Here is another attempt at fine-tuning, but this time I went for the Direct Preference Optimization (DPO) method. The details of this highly unsuccessful attempt can be found here.

Compared to Supervised Fine-Tuning (SFT) which uses labeled input-output pairs to teach a model specific tasks and formats, DPO uses human preference data (preferred vs. rejected responses) to align the model with abstract qualities like helpfulness or harmlessness. SFT is ideal for imitation-based tasks like instruction following and summarisation, whereas DPO excels at optimising for subjective human preferences that are hard to define with correct examples, such as a specific brand voice. 

Unfortunately, it was even more difficult to create a good dataset for DPO that clearly highlights the consistent pattern of marking required. The training data needs two different (correct and incorrect) example responses for each example input prompt. Despite offering over 30 (admittedly still a very small amount) sets of examples for training, the results did not look good at all.

Apparently, DPO was not the right tool for this job anyway, and the SFT method is much more suitable for what I was trying to achieve. But just before we go back to writing hundreds of bad answers on purpose, let's try one more thing while we have this fine-tuned model.

The eval functions (also available on the OpenAI Dashboard) allow you to automatically run through a large number of prompts and see how well the outputs align with your fine-tuning goals. For our very small sample size though, it is much easier to simply write some new prompts for the model and check the responses manually like how we did it last time. 

Nevertheless, here is how our new DPO model turned out. The evaluator gave it a score of 14%, only passing 1 out of the 7 example responses. Most of the problems resulted from the marking being too lenient, or straight up giving marks for work that was not there. It also failed to understand slight variations in the way that formulas and steps can be written out, similar to how traditional code-based marking systems are too rigid to be useful.

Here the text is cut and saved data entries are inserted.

(* Let $\mathcal X$ be a countable set with the discrete topology. For every $P\in\Delta^*_{BD}$ and every path $\omega\in\Omega$, $\lim_{t\to\infty}P(\omega^t\mid\Omega)=0$.
   Context: $\Omega=\mathcal X^{\mathbb N}$ with the product topology; $\omega^t$ is the cylinder of paths agreeing with $\omega$ in the first $t$ coordinates ($\omega^0=\Omega$); $\mathcal H$ is the set of cylinders. $\Sigma$ is a $\sigma$-algebra containing all open sets; $\mathbb P$ the set of finitely additive probabilities on $(\Omega,\Sigma)$; $P\in\mathbb P$ is strongly nonatomic if for every $E\in\Sigma$, $\alpha\in[0,1]$ there is $F\in\Sigma$, $F\subseteq E$, with $P(F)=\alpha P(E)$. A conditional probability is a function $P:\Sigma\times\mathcal H\to[0,1]$ such that for every $t\ge0$, $\omega$: (1) $P(\cdot\mid\omega^t)\in\mathbb P$; (2) $P(\omega^t\mid\omega^t)=1$; (3) $P(E\cap\omega^{t+n}\mid\omega^t)=P(E\mid\omega^{t+n})P(\omega^{t+n}\mid\omega^t)$ for all $E$, $n\ge0$. It is a conditional opinion if $P(\cdot\mid\Omega)$ is strongly nonatomic. For conditional probabilities $P,Q$, $P$ merges with $Q$ if for every $\varepsilon>0$, $\lim_{t\to\infty}Q(\{\omega:\sup_{E\in\Sigma}|P(E\mid\omega^t)-Q(E\mid\omega^t)|>\varepsilon\}\mid\Omega)=0$. For $Q,R\in\mathbb P$, $Q\ll R$ means $R(E_n)\to0$ implies $Q(E_n)\to0$ for every sequence in $\Sigma$. A conditional probability $P$ has the Blackwell–Dubins property if for every $Q\in\mathbb P$ with $Q\ll P(\cdot\mid\Omega)$ there is a conditional probability $\widetilde Q$ with $\widetilde Q(\cdot\mid\Omega)=Q$ such that $P$ merges with $\widetilde Q$. $\Delta^*_{BD}$ is the set of conditional opinions with the Blackwell–Dubins property. *)

theory Defs
  imports "HOL-Analysis.Analysis"
begin

definition cyl :: "(nat \<Rightarrow> 'x) \<Rightarrow> nat \<Rightarrow> (nat \<Rightarrow> 'x) set" where
  "cyl \<omega> t = {\<omega>'. \<forall>i<t. \<omega>' i = \<omega> i}"

definition path_topology :: "(nat \<Rightarrow> 'x) topology" where
  "path_topology = product_topology (\<lambda>_. discrete_topology (UNIV :: 'x set)) UNIV"

definition admissible_sigma :: "(nat \<Rightarrow> 'x) set set \<Rightarrow> bool" where
  "admissible_sigma \<Sigma> \<longleftrightarrow> sigma_algebra UNIV \<Sigma> \<and> (\<forall>U. openin path_topology U \<longrightarrow> U \<in> \<Sigma>)"

text \<open>Finitely additive probability on \<open>(\<Omega>,\<Sigma>)\<close> (values outside \<open>\<Sigma>\<close> are irrelevant).\<close>
definition fa_prob :: "'a set set \<Rightarrow> ('a set \<Rightarrow> real) \<Rightarrow> bool" where
  "fa_prob \<Sigma> P \<longleftrightarrow> (\<forall>E\<in>\<Sigma>. 0 \<le> P E \<and> P E \<le> 1) \<and> P UNIV = 1 \<and>
     (\<forall>A\<in>\<Sigma>. \<forall>B\<in>\<Sigma>. A \<inter> B = {} \<longrightarrow> P (A \<union> B) = P A + P B)"

definition strongly_nonatomic :: "'a set set \<Rightarrow> ('a set \<Rightarrow> real) \<Rightarrow> bool" where
  "strongly_nonatomic \<Sigma> P \<longleftrightarrow>
     (\<forall>E\<in>\<Sigma>. \<forall>\<alpha>::real. 0 \<le> \<alpha> \<and> \<alpha> \<le> 1 \<longrightarrow> (\<exists>F\<in>\<Sigma>. F \<subseteq> E \<and> P F = \<alpha> * P E))"

text \<open>A conditional probability: \<open>P E H\<close> is \<open>P(E | H)\<close> for \<open>E \<in> \<Sigma>\<close> and cylinders \<open>H\<close>.\<close>
definition cond_prob :: "(nat \<Rightarrow> 'x) set set \<Rightarrow> ((nat \<Rightarrow> 'x) set \<Rightarrow> (nat \<Rightarrow> 'x) set \<Rightarrow> real) \<Rightarrow> bool" where
  "cond_prob \<Sigma> P \<longleftrightarrow> (\<forall>t \<omega>.
      fa_prob \<Sigma> (\<lambda>E. P E (cyl \<omega> t)) \<and>
      P (cyl \<omega> t) (cyl \<omega> t) = 1 \<and>
      (\<forall>E\<in>\<Sigma>. \<forall>n. P (E \<inter> cyl \<omega> (t + n)) (cyl \<omega> t)
                   = P E (cyl \<omega> (t + n)) * P (cyl \<omega> (t + n)) (cyl \<omega> t)))"

definition cond_opinion :: "(nat \<Rightarrow> 'x) set set \<Rightarrow> ((nat \<Rightarrow> 'x) set \<Rightarrow> (nat \<Rightarrow> 'x) set \<Rightarrow> real) \<Rightarrow> bool" where
  "cond_opinion \<Sigma> P \<longleftrightarrow> cond_prob \<Sigma> P \<and> strongly_nonatomic \<Sigma> (\<lambda>E. P E UNIV)"

definition merges :: "(nat \<Rightarrow> 'x) set set \<Rightarrow> ((nat \<Rightarrow> 'x) set \<Rightarrow> (nat \<Rightarrow> 'x) set \<Rightarrow> real)
    \<Rightarrow> ((nat \<Rightarrow> 'x) set \<Rightarrow> (nat \<Rightarrow> 'x) set \<Rightarrow> real) \<Rightarrow> bool" where
  "merges \<Sigma> P Q \<longleftrightarrow> (\<forall>\<epsilon>>0.
     (\<lambda>t. Q {\<omega>. (SUP E\<in>\<Sigma>. \<bar>P E (cyl \<omega> t) - Q E (cyl \<omega> t)\<bar>) > \<epsilon>} UNIV) \<longlonglongrightarrow> 0)"

definition abs_cont :: "'a set set \<Rightarrow> ('a set \<Rightarrow> real) \<Rightarrow> ('a set \<Rightarrow> real) \<Rightarrow> bool" where
  "abs_cont \<Sigma> Q R \<longleftrightarrow> (\<forall>En :: nat \<Rightarrow> 'a set. (\<forall>n. En n \<in> \<Sigma>) \<longrightarrow>
     (\<lambda>n. R (En n)) \<longlonglongrightarrow> 0 \<longrightarrow> (\<lambda>n. Q (En n)) \<longlonglongrightarrow> 0)"

definition blackwell_dubins :: "(nat \<Rightarrow> 'x) set set \<Rightarrow> ((nat \<Rightarrow> 'x) set \<Rightarrow> (nat \<Rightarrow> 'x) set \<Rightarrow> real) \<Rightarrow> bool" where
  "blackwell_dubins \<Sigma> P \<longleftrightarrow> (\<forall>Q. fa_prob \<Sigma> Q \<and> abs_cont \<Sigma> Q (\<lambda>E. P E UNIV) \<longrightarrow>
     (\<exists>Qt. cond_prob \<Sigma> Qt \<and> (\<forall>E\<in>\<Sigma>. Qt E UNIV = Q E) \<and> merges \<Sigma> P Qt))"

definition Delta_BD :: "(nat \<Rightarrow> 'x) set set \<Rightarrow> ((nat \<Rightarrow> 'x) set \<Rightarrow> (nat \<Rightarrow> 'x) set \<Rightarrow> real) set" where
  "Delta_BD \<Sigma> = {P. cond_opinion \<Sigma> P \<and> blackwell_dubins \<Sigma> P}"

end

theory Submission
  imports Defs
begin

text \<open>Suppose \<open>P(\<omega>^t | \<Omega>)\<close> decreases to \<open>L > 0\<close>. Then \<open>E \<mapsto> lim\<^sub>t P(E \<inter> \<omega>^t | \<Omega>) / L\<close> is a
  finitely additive prior \<open>Q \<ll> P\<close> with \<open>Q(\<omega>^t) = 1\<close> for every \<open>t\<close>; strong nonatomicity
  yields a set \<open>G\<close> with \<open>0 < Q(G) < 1\<close>, and conditioning \<open>Q\<close> on \<open>G\<close> gives a second such prior.
  Any conditional extension of a prior giving probability one to all \<open>\<omega>^t\<close> equals that prior
  given \<open>\<omega>^t\<close>, so merging forces \<open>P(\<cdot> | \<omega>^t)\<close> to approach both priors uniformly, and
  they would have to agree on \<open>G\<close>.\<close>

lemma cyl_0 [simp]: "cyl \<omega> 0 = UNIV"
  by (simp add: cyl_def)

lemma cyl_antimono: "t \<le> s \<Longrightarrow> cyl \<omega> s \<subseteq> cyl \<omega> t"
  by (auto simp: cyl_def)

lemma decseq_cyl: "decseq (cyl \<omega>)"
  by (simp add: decseq_def cyl_antimono)

lemma cyl_self: "\<omega> \<in> cyl \<omega> t"
  by (simp add: cyl_def)

lemma cyl_eq_if_mem: "\<omega>' \<in> cyl \<omega> t \<Longrightarrow> cyl \<omega>' t = cyl \<omega> t"
  by (auto simp: cyl_def)

lemma openin_cyl: "openin path_topology (cyl \<omega> t)"
proof (induction t)
  case 0
  have "topspace path_topology = UNIV"
    by (simp add: path_topology_def)
  then show ?case
    by (metis cyl_0 openin_topspace)
next
  case (Suc t)
  have "openin path_topology {x \<in> topspace path_topology. x t \<in> {\<omega> t}}"
    unfolding path_topology_def
    by (rule openin_continuous_map_preimage[OF continuous_map_product_projection]) auto
  then have "openin path_topology {x. x t = \<omega> t}"
    by (simp add: path_topology_def)
  moreover have "cyl \<omega> (Suc t) = cyl \<omega> t \<inter> {x. x t = \<omega> t}"
    by (auto simp: cyl_def less_Suc_eq)
  ultimately show ?case
    using Suc by (simp add: openin_Int)
qed

lemma openin_if_cyl_saturated:
  assumes "\<And>a b. a \<in> cyl b t \<Longrightarrow> b \<in> S \<Longrightarrow> a \<in> S"
  shows "openin path_topology S"
proof -
  have "S = (\<Union>b\<in>S. cyl b t)"
    using assms cyl_self by blast
  then show ?thesis
    by (metis (no_types, lifting) openin_Union imageE openin_cyl)
qed

lemma admissible_sigma_algebra: "admissible_sigma \<Sigma> \<Longrightarrow> algebra UNIV \<Sigma>"
  by (simp add: admissible_sigma_def sigma_algebra_def)

lemma cyl_in_sigma: "admissible_sigma \<Sigma> \<Longrightarrow> cyl \<omega> t \<in> \<Sigma>"
  by (simp add: admissible_sigma_def openin_cyl)

lemma cyl_saturated_in_sigma:
  "admissible_sigma \<Sigma> \<Longrightarrow> (\<And>a b. a \<in> cyl b t \<Longrightarrow> b \<in> S \<Longrightarrow> a \<in> S) \<Longrightarrow> S \<in> \<Sigma>"
  unfolding admissible_sigma_def by (blast intro: openin_if_cyl_saturated)

lemma abs_cont_refl: "abs_cont \<Sigma> R R"
  by (simp add: abs_cont_def)

lemma abs_cont_le_mult:
  assumes le: "\<And>E. E \<in> \<Sigma> \<Longrightarrow> 0 \<le> Q' E \<and> Q' E \<le> c * Q E"
    and "abs_cont \<Sigma> Q R"
  shows "abs_cont \<Sigma> Q' R"
  unfolding abs_cont_def
proof (intro allI impI)
  fix En :: "nat \<Rightarrow> _"
  assume En: "\<forall>n. En n \<in> \<Sigma>" and "(\<lambda>n. R (En n)) \<longlonglongrightarrow> 0"
  then have "(\<lambda>n. Q (En n)) \<longlonglongrightarrow> 0"
    using \<open>abs_cont \<Sigma> Q R\<close> by (simp add: abs_cont_def)
  then have upper: "(\<lambda>n. c * Q (En n)) \<longlonglongrightarrow> 0"
    using tendsto_mult_right_zero by blast
  have "\<forall>\<^sub>F n in sequentially. 0 \<le> Q' (En n)"
    and "\<forall>\<^sub>F n in sequentially. Q' (En n) \<le> c * Q (En n)"
    using le En by auto
  from real_tendsto_sandwich[OF this tendsto_const upper]
  show "(\<lambda>n. Q' (En n)) \<longlonglongrightarrow> 0" .
qed

lemma fa_prob_normalize:
  assumes "algebra UNIV \<Sigma>"
    and nonneg: "\<And>E. E \<in> \<Sigma> \<Longrightarrow> 0 \<le> \<nu> E"
    and add: "\<And>A B. A \<in> \<Sigma> \<Longrightarrow> B \<in> \<Sigma> \<Longrightarrow> A \<inter> B = {} \<Longrightarrow> \<nu> (A \<union> B) = \<nu> A + \<nu> B"
    and pos: "\<nu> UNIV > 0"
  shows "fa_prob \<Sigma> (\<lambda>E. \<nu> E / \<nu> UNIV)"
proof -
  interpret algebra UNIV \<Sigma> by fact
  have "\<nu> E \<le> \<nu> UNIV" if "E \<in> \<Sigma>" for E
    using add[of E "UNIV - E"] nonneg[of "UNIV - E"] that compl_sets by auto
  then show ?thesis
    using pos by (auto simp: fa_prob_def nonneg add add_divide_distrib)
qed

locale fa_prob_space = algebra "UNIV :: 'a set" \<Sigma> for \<Sigma> :: "'a set set" +
  fixes \<mu> :: "'a set \<Rightarrow> real"
  assumes fa_prob: "fa_prob \<Sigma> \<mu>"
begin

lemma nonneg: "E \<in> \<Sigma> \<Longrightarrow> 0 \<le> \<mu> E"
  using fa_prob by (simp add: fa_prob_def)

lemma prob_UNIV: "\<mu> UNIV = 1"
  using fa_prob by (simp add: fa_prob_def)

lemma additive: "A \<in> \<Sigma> \<Longrightarrow> B \<in> \<Sigma> \<Longrightarrow> A \<inter> B = {} \<Longrightarrow> \<mu> (A \<union> B) = \<mu> A + \<mu> B"
  using fa_prob by (simp add: fa_prob_def)

lemma additive_Int:
  "A \<in> \<Sigma> \<Longrightarrow> B \<in> \<Sigma> \<Longrightarrow> G \<in> \<Sigma> \<Longrightarrow> A \<inter> B = {} \<Longrightarrow>
    \<mu> ((A \<union> B) \<inter> G) = \<mu> (A \<inter> G) + \<mu> (B \<inter> G)"
  using additive[of "A \<inter> G" "B \<inter> G"] by (auto simp: Int_Un_distrib2)

lemma diff: "A \<in> \<Sigma> \<Longrightarrow> B \<in> \<Sigma> \<Longrightarrow> A \<subseteq> B \<Longrightarrow> \<mu> (B - A) = \<mu> B - \<mu> A"
  using additive[of A "B - A"] by (simp add: Diff Un_absorb1)

lemma mono: "A \<in> \<Sigma> \<Longrightarrow> B \<in> \<Sigma> \<Longrightarrow> A \<subseteq> B \<Longrightarrow> \<mu> A \<le> \<mu> B"
  using diff nonneg[of "B - A"] by auto

lemma Int_eq_if_prob_one:
  assumes "C \<in> \<Sigma>" "\<mu> C = 1" "G \<in> \<Sigma>"
  shows "\<mu> (G \<inter> C) = \<mu> G"
proof -
  have "\<mu> (G - G \<inter> C) \<le> \<mu> (UNIV - C)"
    using assms by (intro mono) auto
  also have "\<dots> = 0"
    using assms diff[of C UNIV] by (simp add: prob_UNIV)
  finally show ?thesis
    using assms diff[of "G \<inter> C" G] mono[of "G \<inter> C" G] by (auto simp: Int)
qed

lemma fa_prob_cond:
  assumes "G \<in> \<Sigma>" "\<mu> G > 0"
  shows "fa_prob \<Sigma> (\<lambda>E. \<mu> (E \<inter> G) / \<mu> G)"
  using fa_prob_normalize[of \<Sigma> "\<lambda>E. \<mu> (E \<inter> G)"] assms
  by (simp add: algebra_axioms Int nonneg additive_Int)

end

lemma cond_prob_fa_prob_space:
  "cond_prob \<Sigma> P \<Longrightarrow> algebra UNIV \<Sigma> \<Longrightarrow> fa_prob_space \<Sigma> (\<lambda>E. P E (cyl \<omega> t))"
  by (simp add: cond_prob_def fa_prob_space_def fa_prob_space_axioms_def)

text \<open>Only meaningful for decreasing \<open>C\<close>, where the limit exists; otherwise \<open>lim\<close> is unspecified.\<close>
definition tail_measure :: "('a set \<Rightarrow> real) \<Rightarrow> (nat \<Rightarrow> 'a set) \<Rightarrow> 'a set \<Rightarrow> real" where
  "tail_measure \<mu> C E = lim (\<lambda>s. \<mu> (E \<inter> C s))"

It was nice to see in another example that the evaluator AI was able to recognise an equivalent unit being used. This is most likely due to the evaluator using a more powerful thinking model that is better able to understand these subtle nuances.

The student’s work shows the correct formula p = mv and the correct calculation (0.5 * 8 = 4), which yields the correct numerical answer but provides the unit as 'Ns' instead of the required 'kg·m/s'. One mark should be deducted for incorrect final units even though 'Ns' and 'kg·m/s' are dimensionally equivalent, the marking guide demands the specific unit.

On the other hand, the DPO model output only states that the units were incorrect.

The student correctly used the formula p = mv and performed the calculation correctly. However, the unit given is "Ns" instead of the correct unit "kg·m/s". To improve, the student should write the correct unit for momentum.